Off-label use of psychotropic drugs is a common practice. In Colombia, no information is available in this regard.

Objective:

To describe off-label use of psychoactive drugs in a health promoting entity (EPS in Spanish) in Bogotá D.C.

Materials and methods:

Cross sectional, observational study (prescription-indication), including a random sample of patients prescribed with psychotropic drugs between January and June 2010. Sociodemographic, clinical, pharmacological and concordance variables were evaluated (correlation between use indication and approved indication). Multivariate analyzes were performed looking for an association with off-label prescriptions.

Results:

420 evaluated patients had a mean age of 44.2±18.8 years, with female predominance (67.9%). Off-label prescription was found in 58.6-59.8% of cases. 84.3% of the prescriptions were delivered by general practitioners. The main psychoactive drugs prescribed for conditions such as tension headaches and insomnia were amitriptyline (n=128, 86.7% of off-label use), trazodone (n=93, 88.2%) and fluoxetine (n=66, 36.4%). The multivariate analysis found that being a young adult (OR=1.99, 95%CI: 1.06-3.70; p=0.030), being treated by general medicine (OR=3.40, 95%CI: 1.507.67; p=0.003) and being prescribed with amitriptyline (OR=11.38; 95%CI: 5.06-25.58; p<0.001) or trazodone (OR = 13.08; 95%CI: 5.23-32.68; p<0.001) increased the likelihood of receiving an off-label prescription.

Conclusions:

Psychotropic drugs in Bogotá are used, to a great extent, as off-label in indications other than those officially approved. Thus, it is important to strengthen education and control to achieve a rational, effective and safe use of drugs.

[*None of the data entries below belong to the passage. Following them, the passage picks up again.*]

lemma coeff_product_le_weight: "cmod (b_coeff n) * cmod (f_coeff n) \<le> weight n"
proof -
  have "cmod (b_coeff n) * cmod (f_coeff n) * 1 \<le> weight n"
    unfolding weight_def by (intro mult_left_mono) simp_all
  then show ?thesis by simp
qed

lemma summable_weight: "summable weight"
proof -
  have f_coeff: "cmod (f_coeff n) = cmod (ip f (phi n))" for n
    unfolding f_coeff_def by (metis complex_mod_cnj ip_commute)
  have S: "summable (\<lambda>n. (cmod (b_coeff n))\<^sup>2 + (cmod (f_coeff n))\<^sup>2
        + cmod (lam n) powr (2 * \<beta>) * (cmod (b_coeff n))\<^sup>2
        + cmod (lam n) powr (2 * \<gamma>) * (cmod (f_coeff n))\<^sup>2)"
    using b_smooth f_smooth unfolding Dpow_def b_coeff_def f_coeff
    by (intro summable_add summable_ip_psi_square summable_ip_phi_square) simp_all
  have "norm (weight n) \<le> (cmod (b_coeff n))\<^sup>2 + (cmod (f_coeff n))\<^sup>2
        + cmod (lam n) powr (2 * \<beta>) * (cmod (b_coeff n))\<^sup>2
        + cmod (lam n) powr (2 * \<gamma>) * (cmod (f_coeff n))\<^sup>2" for n
    unfolding weight_def using alpha_pos alpha_le
    by (simp add: mult_one_plus_powr_le_squares)
  then show ?thesis by (intro summable_comparison_test[OF _ S]) blast
qed

lemma inverse_dist_eigenvalue_le:
  assumes z: "0 \<le> Re z" and n: "n \<notin> exceptional"
  shows "z \<noteq> lam n" "1 / cmod (z - lam n) \<le> 1 / \<omega> + cmod (lam n) powr \<alpha> / \<Upsilon>"
proof -
  have "Re (lam n) \<le> - \<omega> \<or> lam n \<in> Omega \<alpha> \<Upsilon>" using n unfolding exceptional_def by auto
  then have "z \<noteq> lam n \<and> 1 / cmod (z - lam n) \<le> 1 / \<omega> + cmod (lam n) powr \<alpha> / \<Upsilon>"
  proof
    assume "Re (lam n) \<le> - \<omega>"
    then have "\<omega> \<le> cmod (z - lam n)"
      using z complex_Re_le_cmod[of "z - lam n"] by simp
    moreover have "0 < cmod (z - lam n) * \<omega>"
      using \<open>\<omega> \<le> cmod (z - lam n)\<close> omega_pos by (intro mult_pos_pos) linarith+
    ultimately have "1 / cmod (z - lam n) \<le> 1 / \<omega>" by (intro divide_left_mono) auto
    then show ?thesis using \<open>\<omega> \<le> cmod (z - lam n)\<close> omega_pos Upsilon_pos
      by (auto intro: add_increasing2)
  next
    assume "lam n \<in> Omega \<alpha> \<Upsilon>"
    then have I: "Im (lam n) \<noteq> 0" and R: "Re (lam n) \<le> - \<Upsilon> / (\<bar>Im (lam n)\<bar> powr \<alpha>)"
      unfolding Omega_def by auto
    have pos: "0 < \<Upsilon> / (\<bar>Im (lam n)\<bar> powr \<alpha>)" using Upsilon_pos I by simp
    have le: "\<Upsilon> / (\<bar>Im (lam n)\<bar> powr \<alpha>) \<le> cmod (z - lam n)"
      using R z complex_Re_le_cmod[of "z - lam n"] by simp
    moreover have "0 < cmod (z - lam n) * (\<Upsilon> / (\<bar>Im (lam n)\<bar> powr \<alpha>))"
      using le pos by (intro mult_pos_pos) linarith+
    ultimately have "1 / cmod (z - lam n) \<le> 1 / (\<Upsilon> / (\<bar>Im (lam n)\<bar> powr \<alpha>))"
      by (intro divide_left_mono) auto
    also have "\<dots> = \<bar>Im (lam n)\<bar> powr \<alpha> / \<Upsilon>" by simp
    also have "\<dots> \<le> cmod (lam n) powr \<alpha> / \<Upsilon>"
      using Upsilon_pos alpha_pos abs_Im_le_cmod[of "lam n"] by (intro divide_right_mono powr_mono2) auto
    finally show ?thesis using pos le omega_pos
      by (auto intro: add_increasing)
  qed
  then show "z \<noteq> lam n" "1 / cmod (z - lam n) \<le> 1 / \<omega> + cmod (lam n) powr \<alpha> / \<Upsilon>" by auto
qed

Keywords: Off-Label Use; Psychotropic Drugs; Pharmacoepidemiology; Colombia (MeSH)

Resumen

Introducción.

El uso de psicofármacos por fuera de las indicaciones aprobadas (off-label) es una práctica común, de la cual no se tiene información en Colombia.

Objetivo.

Describir el uso off-label de psicofármacos en una entidad promotora de salud de Bogotá D.C.

Materiales y métodos.

Estudio observacional de prescripción-indicación con una muestra aleatoria de pacientes prescritos con psicofármacos entre enero y junio de 2010. Se evaluaron variables sociodemográficas, clínicas, farmacológicas y de concordancia y se realizaron análisis multivariados buscando asociación con prescripciones no aprobadas.

Resultados.

Los 420 pacientes evaluados tenían una edad promedio de 44.2±18.8 años, con predominio femenino (67.9%). Se encontró prescripción no aprobada en 58.6-59.8% de los casos; el 84.3% de las formulas fueron hechas por medicina general. Los principales psicofármacos en indicaciones como cefalea tensional e insomnio fueron amitriptilina (n=128; 86.7% de uso no aprobado), trazodona (n=93; 88.2%) y fluoxetina (n=66; 36.4%). En el análisis multivariado se halló que ser un adulto joven (OR=1.99; IC95%: 1.06-3.70; p=0.030), ser tratado por medicina general (OR=3.40; IC95%: 1.50-7.67; p=0.003) y ser formulado con amitriptilina (OR=11.38; IC95%: 5.06-25.58; p<0.001) o trazodona (OR=13.08; IC95%: 5.23-32.68; p<0.001) aumentan la probabilidad de recibir una prescripción no aprobada.

Conclusiones.

En la aseguradora estudiada, los psicofármacos son utilizados en una importante proporción de indicaciones no aprobadas por las autoridades regulatorias, por lo cual es importante fortalecer la educación y el control para el empleo de los medicamentos de manera racional, efectiva y segura.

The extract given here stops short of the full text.